lemma one_minus_square_dvd_one_minus_mult_pstar:
  assumes "cmod (poly p 1) = 1" "cmod (poly p (-1)) = 1"
  shows "[:1, 0, -1:] dvd 1 - p * pstar p"
proof -
  have root: "poly (1 - p * pstar p) (of_real x) = 0" if "cmod (poly p (of_real x)) = 1" for x
    using that by (simp only: poly_diff poly_1 poly_mult_pstar_of_real) simp
  obtain f1 where f1: "1 - p * pstar p = [:-1, 1:] * f1"
    using root[of 1] assms(1) by (metis of_real_1 poly_eq_0_iff_dvd dvdE minus_minus)
  have "poly f1 (-1) = 0" using root[of "-1"] assms(2) by (simp add: f1)
  then obtain f2 where "f1 = [:1, 1:] * f2" by (metis poly_eq_0_iff_dvd dvdE minus_minus)
  then have "1 - p * pstar p = [:1, 0, -1:] * (- f2)" by (simp add: f1 algebra_simps)
  then show ?thesis by (rule dvdI)
qed

lemma nonneg_Reals_div_one_minus_square:
  fixes b :: "complex poly"
  assumes "\<And>x. \<bar>x\<bar> \<le> 1 \<Longrightarrow> poly ([:1, 0, -1:] * b) (of_real x) \<in> \<real>\<^sub>\<ge>\<^sub>0"
    "\<And>x. 1 \<le> \<bar>x\<bar> \<Longrightarrow> poly ([:1, 0, -1:] * b) (of_real x) \<in> \<real>\<^sub>\<le>\<^sub>0"
  shows "poly b (of_real x) \<in> \<real>\<^sub>\<ge>\<^sub>0"
proof (rule poly_of_real_in_closed_cofinite[OF closed_nonneg_Reals_complex, of "{-1, 1}"])
  fix t :: real assume "t \<notin> {-1, 1}"
  then have "\<bar>t\<bar> \<noteq> 1" by auto
  then have "t\<^sup>2 \<noteq> 1" by (simp add: abs_square_eq_1)
  then have nz: "(of_real (1 - t\<^sup>2) :: complex) \<noteq> 0" by (simp only: of_real_eq_0_iff)
  have "poly ([:1, 0, -1:] * b) (of_real t) = of_real (1 - t\<^sup>2) * poly b (of_real t)"
    by (simp add: algebra_simps power2_eq_square)
  then have b: "poly b (of_real t) = poly ([:1, 0, -1:] * b) (of_real t) / of_real (1 - t\<^sup>2)"
    by (simp only: nonzero_mult_div_cancel_left[OF nz])
  show "poly b (of_real t) \<in> \<real>\<^sub>\<ge>\<^sub>0"
  proof (cases "\<bar>t\<bar> < 1")
    case True
    then have "0 \<le> 1 - t\<^sup>2" using abs_square_less_1[of t] by simp
    then have "of_real (1 - t\<^sup>2) \<in> (\<real>\<^sub>\<ge>\<^sub>0 :: complex set)" by (simp only: nonneg_Reals_of_real_iff)
    moreover have "poly ([:1, 0, -1:] * b) (of_real t) \<in> \<real>\<^sub>\<ge>\<^sub>0" using True by (intro assms(1)) simp
    ultimately show ?thesis by (subst b) (rule nonneg_Reals_divide_I)
  next
    case False
    then have "1 - t\<^sup>2 \<le> 0" using abs_square_less_1[of t] by simp
    then have "of_real (1 - t\<^sup>2) \<in> (\<real>\<^sub>\<le>\<^sub>0 :: complex set)" by (simp only: nonpos_Reals_of_real_iff)
    moreover have "poly ([:1, 0, -1:] * b) (of_real t) \<in> \<real>\<^sub>\<le>\<^sub>0" using False by (intro assms(2)) simp
    ultimately show ?thesis by (subst b) (rule nonpos_Reals_divide_nonpos)
  qed
qed simp

lemma imag_sign_div_one_minus_square:
  fixes b :: "complex poly"
  assumes "poly ([:1, 0, -1:] * b) (\<i> * of_real t) \<in> (if e then \<real>\<^sub>\<ge>\<^sub>0 else \<real>\<^sub>\<le>\<^sub>0)"
  shows "poly b (\<i> * of_real t) \<in> (if e then \<real>\<^sub>\<ge>\<^sub>0 else \<real>\<^sub>\<le>\<^sub>0)"
proof -
  have pos: "of_real (1 + t\<^sup>2) \<in> (\<real>\<^sub>\<ge>\<^sub>0 :: complex set)"
    by (simp only: nonneg_Reals_of_real_iff) simp
  have nz: "(of_real (1 + t\<^sup>2) :: complex) \<noteq> 0"
    by (simp only: of_real_eq_0_iff) (smt (verit) zero_le_power2)
  have "poly ([:1, 0, -1:] * b) (\<i> * of_real t) = of_real (1 + t\<^sup>2) * poly b (\<i> * of_real t)"
    by (simp only: poly_mult poly_one_minus_square) (simp add: power_mult_distrib)
  then have b: "poly b (\<i> * of_real t) = poly ([:1, 0, -1:] * b) (\<i> * of_real t) / of_real (1 + t\<^sup>2)"
    by (simp only: nonzero_mult_div_cancel_left[OF nz])
  show ?thesis
  proof (cases e)
    case True
    with assms have "poly ([:1, 0, -1:] * b) (\<i> * of_real t) \<in> \<real>\<^sub>\<ge>\<^sub>0" by simp
    with True pos show ?thesis by (simp only: if_True) (subst b, rule nonneg_Reals_divide_I)
  next
    case False
    with assms have "poly ([:1, 0, -1:] * b) (\<i> * of_real t) \<in> \<real>\<^sub>\<le>\<^sub>0" by simp
    with False pos show ?thesis by (simp only: if_False) (subst b, rule nonpos_Reals_divide_I2)
  qed
qed

lemma one_minus_mult_pstar_imag:
  assumes par: "has_parity p (int k mod 2)"
    and imag: "even k \<Longrightarrow> poly (p * pstar p) (\<i> * of_real t) - 1 \<in> \<real>\<^sub>\<ge>\<^sub>0"
  shows "poly (1 - p * pstar p) (\<i> * of_real t) \<in> (if even ((int k - 1) mod 2) then \<real>\<^sub>\<ge>\<^sub>0 else \<real>\<^sub>\<le>\<^sub>0)"
proof (cases "even k")
  case True
  then show ?thesis using imag by simp (metis minus_diff_eq uminus_nonpos_Reals_iff)
next
  case False
  then have "poly (p * pstar p) (\<i> * of_real t) \<in> \<real>\<^sub>\<le>\<^sub>0"
    using poly_mult_pstar_imag[OF par, of t] by simp
  then show ?thesis
    using False nonneg_Reals_add_I[OF nonneg_Reals_one_I, of "- poly (p * pstar p) (\<i> * of_real t)"]
    by simp
qed
lemma totdeg_le_prod:
  "finite S \<Longrightarrow> (\<And>x. x \<in> S \<Longrightarrow> totdeg_le (f x) (g x)) \<Longrightarrow> totdeg_le (prod f S) (sum g S)"
proof (induction S rule: finite_induct)
  case empty
  then show ?case by (simp add: totdeg_le_def bcoeff_def coeff_1)
qed (simp add: totdeg_le_mult)

lemma totdeg_le_bmonom: "totdeg_le (bmonom m) (fst m + snd m)"
  by (auto simp: totdeg_le_def bcoeff_bmonom)

lemma totdeg_le_const: "totdeg_le [:[:c:]:] n"
  by (simp add: totdeg_le_def bcoeff_const)

section \<open>Bezout's bound\<close>

text \<open>The leading exponent of \<open>p\<close> for the graded order in which ties are broken by the
  degree in \<open>y\<close>. It is additive under multiplication, and the monomials it does not divide
  span a complement of the multiples of \<open>p\<close>.\<close>

definition lead_ydeg :: "bpoly \<Rightarrow> nat" where
  "lead_ydeg p = Max {j. j \<le> totdeg p \<and> bcoeff p (totdeg p - j, j) \<noteq> 0}"

definition lead_xdeg :: "bpoly \<Rightarrow> nat" where
  "lead_xdeg p = totdeg p - lead_ydeg p"

lemma
  assumes "p \<noteq> 0"
  shows lead_xdeg_add_lead_ydeg: "lead_xdeg p + lead_ydeg p = totdeg p"
    and bcoeff_lead_nonzero: "bcoeff p (lead_xdeg p, lead_ydeg p) \<noteq> 0"
    and le_lead_ydeg: "bcoeff p (i, j) \<noteq> 0 \<Longrightarrow> i + j = totdeg p \<Longrightarrow> j \<le> lead_ydeg p"
proof -
  let ?S = "{j. j \<le> totdeg p \<and> bcoeff p (totdeg p - j, j) \<noteq> 0}"
  have fin: "finite ?S" by (rule finite_subset[of _ "{..totdeg p}"]) auto
  obtain i0 j0 where "bcoeff p (i0, j0) \<noteq> 0" "i0 + j0 = totdeg p"
    using totdeg_attained[OF assms] .
  moreover have "totdeg p - j0 = i0" using \<open>i0 + j0 = totdeg p\<close> by simp
  ultimately have "j0 \<in> ?S" by auto
  then have "lead_ydeg p \<in> ?S" unfolding lead_ydeg_def using fin by (intro Max_in) auto
  then show "lead_xdeg p + lead_ydeg p = totdeg p" "bcoeff p (lead_xdeg p, lead_ydeg p) \<noteq> 0"
    by (auto simp: lead_xdeg_def)
  assume "bcoeff p (i, j) \<noteq> 0" "i + j = totdeg p"
  moreover have "totdeg p - j = i" using \<open>i + j = totdeg p\<close> by simp
  ultimately have "j \<in> ?S" by auto
  then show "j \<le> lead_ydeg p" unfolding lead_ydeg_def using fin by (intro Max_ge)
qed

lemma mult_top_degree_term_eq_lead:
  assumes p: "p \<noteq> 0" and q: "q \<noteq> 0" and ij: "i + j = totdeg p + totdeg q"
    and j: "lead_ydeg p + lead_ydeg q \<le> j" and le: "i1 \<le> i" "j1 \<le> j"
    and nz: "bcoeff p (i1, j1) * bcoeff q (i - i1, j - j1) \<noteq> 0"
  shows "i1 = lead_xdeg p \<and> j1 = lead_ydeg p \<and> j = lead_ydeg p + lead_ydeg q"
proof -
  have a: "bcoeff p (i1, j1) \<noteq> 0" and b: "bcoeff q (i - i1, j - j1) \<noteq> 0" using nz by auto
  have e1: "i1 + j1 = totdeg p" and e2: "(i - i1) + (j - j1) = totdeg q"
    using le_totdeg[OF a] le_totdeg[OF b] ij le by linarith+
  have "j1 \<le> lead_ydeg p" "j - j1 \<le> lead_ydeg q"
    using le_lead_ydeg[OF p a e1] le_lead_ydeg[OF q b e2] .
  then show ?thesis using j le e1 lead_xdeg_add_lead_ydeg[OF p] by linarith
qed
(* Let $\kappa$ be an infinitesimal character of the gap-insertion Hopf algebra $\mathbf{H}$ of noncrossing partitions, and let $K$ be the character of the block-substitution bialgebra $\mathbf{B}$ with $K(P)=\kappa(P)$ for every nonempty noncrossing partition $P$. Let $e$ be the infinitesimal character of $\mathbf{H}$ with $e(P)=1$ if $P$ is a noncrossing partition with exactly one block and $e(P)=0$ for all other noncrossing partitions. Then $$\kappa=e\curvearrowleft K,$$ where $(\alpha\curvearrowleft\phi):=(\alpha\otimes\phi)\circ\rho$ for a linear form $\alpha$ on $\mathbf{H}$ and a character $\phi$ of $\mathbf{B}$.
   Context: Noncrossing partitions of $[n]$: no $a<c<b<d$ with $a,b$ in one block and $c,d$ in another; partitions of linearly ordered finite sets are identified with partitions of $[m]$ via the order-preserving bijection; $P_{|X}$ is the induced partition. $\mathbf{H}$ is the free associative unital algebra on nonempty noncrossing partitions (its Hopf structure is the gap-insertion coproduct; only its algebra structure and counit matter here: the counit $\varepsilon$ is $1$ on $\mathbf 1$ and $0$ on nonempty monomials). An infinitesimal character of $\mathbf{H}$ is a linear form $f$ with $f(xy)=f(x)\varepsilon(y)+\varepsilon(x)f(y)$, i.e. vanishing on $\mathbf 1$ and on products of two nonempty monomials. $\mathbf{B}$ is the free commutative unital algebra on nonempty noncrossing partitions; a character of $\mathbf B$ is a unital algebra homomorphism to $\mathbb K$. For noncrossing $P\leq Q$ (refinement) with $Q=\{\tau_1,\dots,\tau_l\}$, $P/Q=P_{|\tau_1}\cdots P_{|\tau_l}\in\mathbf{B}$. The coaction $\rho:\mathbf{H}\to\mathbf{H}\otimes\mathbf{B}$ is the algebra morphism with $\rho(P)=\sum_{Q\geq P\text{ noncrossing}}Q\otimes P/Q$. *)

theory Defs
  imports Main "HOL-Library.Multiset" "HOL-Library.Groups_Big_Fun"
begin

type_synonym ncpart = "nat set set"

definition is_partition :: "nat set \<Rightarrow> ncpart \<Rightarrow> bool" where
  "is_partition S P \<longleftrightarrow> (\<forall>B\<in>P. B \<noteq> {}) \<and> \<Union>P = S \<and>
     (\<forall>B\<in>P. \<forall>C\<in>P. B \<noteq> C \<longrightarrow> B \<inter> C = {})"

definition noncrossing :: "ncpart \<Rightarrow> bool" where
  "noncrossing P \<longleftrightarrow> \<not> (\<exists>B\<in>P. \<exists>C\<in>P. B \<noteq> C \<and>
     (\<exists>a b c d. a < c \<and> c < b \<and> b < d \<and> a \<in> B \<and> b \<in> B \<and> c \<in> C \<and> d \<in> C))"

definition ncp :: "nat \<Rightarrow> ncpart \<Rightarrow> bool" where
  "ncp n P \<longleftrightarrow> is_partition {1..n} P \<and> noncrossing P"

text \<open>Nonempty noncrossing partitions: the generators of H and B.\<close>
definition nenc :: "ncpart \<Rightarrow> bool" where
  "nenc P \<longleftrightarrow> (\<exists>n\<ge>1. ncp n P)"

text \<open>Basis monomials: words (for the free algebra H) and multisets (for the free
  commutative algebra B) of nonempty noncrossing partitions.\<close>
definition valid_word :: "ncpart list \<Rightarrow> bool" where
  "valid_word w \<longleftrightarrow> (\<forall>P\<in>set w. nenc P)"

definition valid_mset :: "ncpart multiset \<Rightarrow> bool" where
  "valid_mset m \<longleftrightarrow> (\<forall>P\<in>#m. nenc P)"

text \<open>Linear forms on H are given by their values on the basis of words;
  characters of B by their values on the basis of multisets.\<close>
definition inf_char :: "(ncpart list \<Rightarrow> 'a::field) \<Rightarrow> bool" where
  "inf_char f \<longleftrightarrow> f [] = 0 \<and>
     (\<forall>u v. valid_word u \<and> valid_word v \<and> u \<noteq> [] \<and> v \<noteq> [] \<longrightarrow> f (u @ v) = 0)"

definition char_B :: "(ncpart multiset \<Rightarrow> 'a::field) \<Rightarrow> bool" where
  "char_B phi \<longleftrightarrow> phi {#} = 1 \<and>
     (\<forall>m1 m2. valid_mset m1 \<and> valid_mset m2 \<longrightarrow> phi (m1 + m2) = phi m1 * phi m2)"

definition e_one :: "ncpart list \<Rightarrow> 'a::field" where
  "e_one w = (if \<exists>P. w = [P] \<and> nenc P \<and> card P = 1 then 1 else 0)"

definition refines :: "ncpart \<Rightarrow> ncpart \<Rightarrow> bool" where
  "refines P Q \<longleftrightarrow> (\<forall>B\<in>P. \<exists>C\<in>Q. B \<subseteq> C)"

definition rank_in :: "nat set \<Rightarrow> nat \<Rightarrow> nat" where
  "rank_in X x = card {y\<in>X. y < x} + 1"

definition restr :: "ncpart \<Rightarrow> nat set \<Rightarrow> ncpart" where
  "restr P X = (\<lambda>B. rank_in X ` B) ` ((\<lambda>B. B \<inter> X) ` P - {{}})"

definition quot :: "ncpart \<Rightarrow> ncpart \<Rightarrow> ncpart multiset" where
  "quot P Q = image_mset (restr P) (mset_set Q)"

definition coarsenings :: "ncpart \<Rightarrow> ncpart set" where
  "coarsenings P = {Q. ncp (card (\<Union>P)) Q \<and> refines P Q}"

text \<open>Elements of H \<otimes> B as coefficient functions on the basis (word, multiset),
  with the product of the tensor product algebra (convolution).\<close>
type_synonym 'a tensor = "ncpart list \<times> ncpart multiset \<Rightarrow> 'a"

definition tmul :: "'a::field tensor \<Rightarrow> 'a tensor \<Rightarrow> 'a tensor" where
  "tmul x y = (\<lambda>(w, m). \<Sum>i\<le>length w. \<Sum>m1\<in>{m1. m1 \<subseteq># m}.
       x (take i w, m1) * y (drop i w, m - m1))"

definition tone :: "'a::field tensor" where
  "tone = (\<lambda>(w, m). if w = [] \<and> m = {#} then 1 else 0)"

text \<open>rho(P) = sum over noncrossing Q \<ge> P of Q \<otimes> P/Q, extended multiplicatively.\<close>
definition rho_gen :: "ncpart \<Rightarrow> 'a::field tensor" where
  "rho_gen P = (\<lambda>(w, m). if \<exists>Q. w = [Q] \<and> Q \<in> coarsenings P \<and> m = quot P Q then 1 else 0)"

definition rho :: "ncpart list \<Rightarrow> 'a::field tensor" where
  "rho w = foldr (\<lambda>P acc. tmul (rho_gen P) acc) w tone"

definition tensor_apply :: "(ncpart list \<Rightarrow> 'a::field) \<Rightarrow> (ncpart multiset \<Rightarrow> 'a) \<Rightarrow> 'a tensor \<Rightarrow> 'a" where
  "tensor_apply alpha phi X = Sum_any (\<lambda>(w, m). X (w, m) * alpha w * phi m)"

definition act_left :: "(ncpart list \<Rightarrow> 'a::field) \<Rightarrow> (ncpart multiset \<Rightarrow> 'a) \<Rightarrow> ncpart list \<Rightarrow> 'a" where
  "act_left alpha phi w = tensor_apply alpha phi (rho w)"

end

theory Submission
  imports Defs
begin

text \<open>
  The coaction \<rho> preserves the length of words, so \<open>e \<curvearrowleft> K\<close> only sees the
  one-letter part of \<open>\<rho>(w)\<close>, and that part vanishes unless \<open>w\<close> itself has one letter.
  For a single partition \<open>P\<close> of \<open>[n]\<close>, the only one-block coarsening is \<open>{[n]}\<close>, and
  \<open>P/{[n]} = P\<close>; hence \<open>(e \<curvearrowleft> K)(P) = K(P) = \<kappa>(P)\<close>. On all other words both sides
  vanish, \<open>\<kappa>\<close> being infinitesimal. Multiplicativity of \<open>K\<close> is never used: only its
  values on single generators enter.
\<close>

lemma finite_subset_mset: "finite {m1. m1 \<subseteq># (m::'b multiset)}"
proof (induction m)
  case empty
  then show ?case by simp
next
  case (add x m)
  have "m1 \<subseteq># m \<or> (\<exists>m2. m1 = add_mset x m2 \<and> m2 \<subseteq># m)" if "m1 \<subseteq># add_mset x m" for m1
    using that by (metis add_mset_add_single add_mset_remove_trivial_eq inter_add_left1
        subset_eq_diff_conv subset_mset.inf.absorb_iff2)
  then have "{m1. m1 \<subseteq># add_mset x m} \<subseteq> {m1. m1 \<subseteq># m} \<union> add_mset x ` {m1. m1 \<subseteq># m}"
    by blast
  then show ?case using add.IH by (auto intro: finite_subset)
qed

lemma tmul_tone_right: "tmul x tone = x"
proof (intro ext, clarify)
  fix w m
  have "(\<Sum>m1\<in>{m1. m1 \<subseteq># m}. x (take i w, m1) * tone (drop i w, m - m1))
      = (if length w \<le> i then x (w, m) else 0)" for i
  proof -
    have "m - m1 = {#} \<longleftrightarrow> m1 = m" if "m1 \<subseteq># m" for m1
      using that by (metis subset_mset.add_diff_inverse add_0_right diff_cancel)
    then have "(\<Sum>m1\<in>{m1. m1 \<subseteq># m}. x (take i w, m1) * tone (drop i w, m - m1))
        = (\<Sum>m1\<in>{m1. m1 \<subseteq># m}. if m1 = m then (if length w \<le> i then x (w, m1) else 0) else 0)"
      by (intro sum.cong) (auto simp: tone_def)
    then show ?thesis
      using finite_subset_mset[of m] by (simp add: sum.delta)
  qed
  then have "tmul x tone (w, m) = (\<Sum>i\<le>length w. if i = length w then x (w, m) else 0)"
    unfolding tmul_def by (auto intro: sum.cong)
  then show "tmul x tone (w, m) = x (w, m)" by simp
qed

lemma rho_Nil: "rho [] = tone"
  by (simp add: rho_def)

lemma rho_Cons: "rho (P # w) = tmul (rho_gen P) (rho w)"
  by (simp add: rho_def)

lemma rho_singleton: "rho [P] = rho_gen P"
  by (simp add: rho_Nil rho_Cons tmul_tone_right)

lemma rho_eq_0_if_length_neq: "length w' \<noteq> length w \<Longrightarrow> rho w (w', m) = (0::'a::field)"
proof (induction w arbitrary: w' m)
  case Nil
  then show ?case by (simp add: rho_Nil tone_def)
next
  case (Cons P w)
  have terms_0: "rho_gen P (take i w', m1) * rho w (drop i w', m - m1) = (0::'a)" for i m1
  proof (cases "length (take i w') = 1")
    case True
    then have "length (drop i w') \<noteq> length w" using Cons.prems by auto
    then have "rho w (drop i w', m - m1) = (0::'a)" by (rule Cons.IH)
    then show ?thesis by simp
  next
    case False
    then have "rho_gen P (take i w', m1) = (0::'a)"
      unfolding rho_gen_def by (auto simp del: length_take dest: arg_cong[where f = length])
    then show ?thesis by simp
  qed
  show ?case unfolding rho_Cons tmul_def by (simp add: terms_0)
qed

lemma restr_self:
  assumes "ncp n P"
  shows "restr P {1..n} = P"
proof -
  have part: "is_partition {1..n} P" using assms by (simp add: ncp_def)
  then have sub: "x \<in> {1..n}" if "x \<in> B" and "B \<in> P" for x B
    using that by (auto simp: is_partition_def)
  have rank_in_self: "rank_in {1..n} x = x" if "x \<in> {1..n}" for x
  proof -
    have "{y\<in>{1..n}. y < x} = {1..<x}" using that by auto
    then show ?thesis using that by (simp add: rank_in_def)
  qed
  have "B \<inter> {1..n} = B" and "rank_in {1..n} ` B = B" if "B \<in> P" for B
    using sub[OF _ that] rank_in_self by auto
  moreover have "{} \<notin> P" using part by (auto simp: is_partition_def)
  ultimately show ?thesis by (simp add: restr_def)
qed

lemma quot_one_block:
  assumes "ncp n P"
  shows "quot P {{1..n}} = {#P#}"
  using restr_self[OF assms] by (simp add: quot_def)

lemma ncp_one_block: "n \<ge> 1 \<Longrightarrow> ncp n {{1..n}}"
  by (auto simp: ncp_def is_partition_def noncrossing_def)

lemma one_block_coarsenings:
  assumes "ncp n P" and "n \<ge> 1"
  shows "{Q \<in> coarsenings P. card Q = 1} = {{{1..n}}}"
proof -
  have "\<Union>P = {1..n}" using assms(1) by (simp add: ncp_def is_partition_def)
  then have "coarsenings P = {Q. ncp n Q \<and> refines P Q}" by (simp add: coarsenings_def)
  moreover have "ncp n {{1..n}}" using assms(2) by (rule ncp_one_block)
  moreover have "refines P {{1..n}}" using \<open>\<Union>P = {1..n}\<close> by (auto simp: refines_def)
  moreover have "Q = {{1..n}}" if "ncp n Q" and "card Q = 1" for Q
  proof -
    obtain C where "Q = {C}" using \<open>card Q = 1\<close> by (rule card_1_singletonE)
    moreover have "\<Union>Q = {1..n}" using \<open>ncp n Q\<close> by (simp add: ncp_def is_partition_def)
    ultimately show ?thesis by simp
  qed
  moreover have "card {{1..n}} = 1" by simp
  ultimately show ?thesis by blast
qed

lemma e_one_eq_0_if_length_neq: "length w \<noteq> 1 \<Longrightarrow> e_one w = 0"
  by (auto simp: e_one_def)

lemma act_left_e_one_eq_0:
  assumes "length w \<noteq> 1"
  shows "act_left e_one phi w = 0"
proof -
  have "rho w (w', m) * e_one w' * phi m = 0" for w' m
    using assms rho_eq_0_if_length_neq[of w' w m] e_one_eq_0_if_length_neq[of w']
    by (cases "length w' = 1") auto
  then have "(\<lambda>(w', m). rho w (w', m) * e_one w' * phi m) = (\<lambda>_. 0)" by auto
  then show ?thesis by (simp add: act_left_def tensor_apply_def)
qed

lemma rho_gen_times_e_one:
  assumes "ncp n P" and "n \<ge> 1"
  shows "rho_gen P (w, m) * e_one w = (if (w, m) = ([{{1..n}}], {#P#}) then 1 else 0)"
proof -
  define Q0 where "Q0 = {{1..n}}"
  have Q0: "{Q \<in> coarsenings P. card Q = 1} = {Q0}"
    unfolding Q0_def using assms by (rule one_block_coarsenings)
  have "nenc Q0" using assms(2) ncp_one_block by (auto simp: Q0_def nenc_def)
  have "quot P Q0 = {#P#}" unfolding Q0_def using assms(1) by (rule quot_one_block)
  have "(\<exists>Q. w = [Q] \<and> Q \<in> coarsenings P \<and> m = quot P Q \<and> nenc Q \<and> card Q = 1)
      \<longleftrightarrow> (w, m) = ([Q0], {#P#})"
  proof
    assume "\<exists>Q. w = [Q] \<and> Q \<in> coarsenings P \<and> m = quot P Q \<and> nenc Q \<and> card Q = 1"
    then obtain Q where Q: "w = [Q]" "m = quot P Q" "Q \<in> {Q \<in> coarsenings P. card Q = 1}"
      by blast
    then have "Q = Q0" using Q0 by blast
    then show "(w, m) = ([Q0], {#P#})" using Q \<open>quot P Q0 = {#P#}\<close> by simp
  next
    assume "(w, m) = ([Q0], {#P#})"
    moreover have "Q0 \<in> coarsenings P" and "card Q0 = 1" using Q0 by auto
    ultimately show "\<exists>Q. w = [Q] \<and> Q \<in> coarsenings P \<and> m = quot P Q \<and> nenc Q \<and> card Q = 1"
      using \<open>nenc Q0\<close> \<open>quot P Q0 = {#P#}\<close> by auto
  qed
  moreover have "rho_gen P (w, m) * e_one w
      = (if \<exists>Q. w = [Q] \<and> Q \<in> coarsenings P \<and> m = quot P Q \<and> nenc Q \<and> card Q = 1
         then 1 else 0)"
    by (auto simp: rho_gen_def e_one_def)
  ultimately show ?thesis by (simp add: Q0_def)
qed

lemma act_left_e_one_singleton:
  assumes "nenc P"
  shows "act_left e_one phi [P] = phi {#P#}"
proof -
  obtain n where "ncp n P" and "n \<ge> 1" using assms by (auto simp: nenc_def)
  note weight = rho_gen_times_e_one[OF this]
  have "(\<lambda>(w, m). rho_gen P (w, m) * e_one w * phi m)
      = (\<lambda>b. if b = ([{{1..n}}], {#P#}) then phi {#P#} else 0)"
    unfolding fun_eq_iff by (simp add: weight split: prod.split)
  then show ?thesis by (simp add: act_left_def tensor_apply_def rho_singleton)
qed

lemma inf_char_eq_0:
  assumes "inf_char f" and "valid_word w" and "length w \<noteq> 1"
  shows "f w = 0"
proof (cases w)
  case Nil
  then show ?thesis using assms(1) by (simp add: inf_char_def)
next
  case (Cons P v)
  then have "w = [P] @ v" and "v \<noteq> []" using assms(3) by auto
  moreover have "valid_word [P]" and "valid_word v"
    using assms(2) Cons by (auto simp: valid_word_def)
  ultimately show ?thesis using assms(1) unfolding inf_char_def by blast
qed

theorem mainTheorem10:
  fixes kappa :: "ncpart list \<Rightarrow> 'a::field"
    and K :: "ncpart multiset \<Rightarrow> 'a"
  assumes "inf_char kappa"
    and "char_B K"
    and "\<forall>P. nenc P \<longrightarrow> K {#P#} = kappa [P]"
  shows "\<forall>w. valid_word w \<longrightarrow> kappa w = act_left e_one K w"
proof (intro allI impI)
  fix w :: "ncpart list"
  assume w: "valid_word w"
  show "kappa w = act_left e_one K w"
  proof (cases "length w = 1")
    case True
    then obtain P where "w = [P]" by (auto simp: length_Suc_conv)
    moreover have "nenc P" using w \<open>w = [P]\<close> by (simp add: valid_word_def)
    ultimately show ?thesis using assms(3) by (simp add: act_left_e_one_singleton)
  next
    case False
    then show ?thesis
      using inf_char_eq_0[OF assms(1) w] act_left_e_one_eq_0 by simp
  qed
qed

end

================================

WHAT TO PRODUCE: Look above for the line containing "unfolding Q0_def using assms by". Output from there through the line containing "assms(3) by auto", exactly and inclusively.

RESULT OF THIS TASK:
    unfolding Q0_def using assms by (rule one_block_coarsenings)
  have "nenc Q0" using assms(2) ncp_one_block by (auto simp: Q0_def nenc_def)
  have "quot P Q0 = {#P#}" unfolding Q0_def using assms(1) by (rule quot_one_block)
  have "(\<exists>Q. w = [Q] \<and> Q \<in> coarsenings P \<and> m = quot P Q \<and> nenc Q \<and> card Q = 1)
      \<longleftrightarrow> (w, m) = ([Q0], {#P#})"
  proof
    assume "\<exists>Q. w = [Q] \<and> Q \<in> coarsenings P \<and> m = quot P Q \<and> nenc Q \<and> card Q = 1"
    then obtain Q where Q: "w = [Q]" "m = quot P Q" "Q \<in> {Q \<in> coarsenings P. card Q = 1}"
      by blast
    then have "Q = Q0" using Q0 by blast
    then show "(w, m) = ([Q0], {#P#})" using Q \<open>quot P Q0 = {#P#}\<close> by simp
  next
    assume "(w, m) = ([Q0], {#P#})"
    moreover have "Q0 \<in> coarsenings P" and "card Q0 = 1" using Q0 by auto
    ultimately show "\<exists>Q. w = [Q] \<and> Q \<in> coarsenings P \<and> m = quot P Q \<and> nenc Q \<and> card Q = 1"
      using \<open>nenc Q0\<close> \<open>quot P Q0 = {#P#}\<close> by auto
  qed
  moreover have "rho_gen P (w, m) * e_one w
      = (if \<exists>Q. w = [Q] \<and> Q \<in> coarsenings P \<and> m = quot P Q \<and> nenc Q \<and> card Q = 1
         then 1 else 0)"
    by (auto simp: rho_gen_def e_one_def)
  ultimately show ?thesis by (simp add: Q0_def)
qed

lemma act_left_e_one_singleton:
  assumes "nenc P"
  shows "act_left e_one phi [P] = phi {#P#}"
proof -
  obtain n where "ncp n P" and "n \<ge> 1" using assms by (auto simp: nenc_def)
  note weight = rho_gen_times_e_one[OF this]
  have "(\<lambda>(w, m). rho_gen P (w, m) * e_one w * phi m)
      = (\<lambda>b. if b = ([{{1..n}}], {#P#}) then phi {#P#} else 0)"
    unfolding fun_eq_iff by (simp add: weight split: prod.split)
  then show ?thesis by (simp add: act_left_def tensor_apply_def rho_singleton)
qed

lemma inf_char_eq_0:
  assumes "inf_char f" and "valid_word w" and "length w \<noteq> 1"
  shows "f w = 0"
proof (cases w)
  case Nil
  then show ?thesis using assms(1) by (simp add: inf_char_def)
next
  case (Cons P v)
  then have "w = [P] @ v" and "v \<noteq> []" using assms(3) by auto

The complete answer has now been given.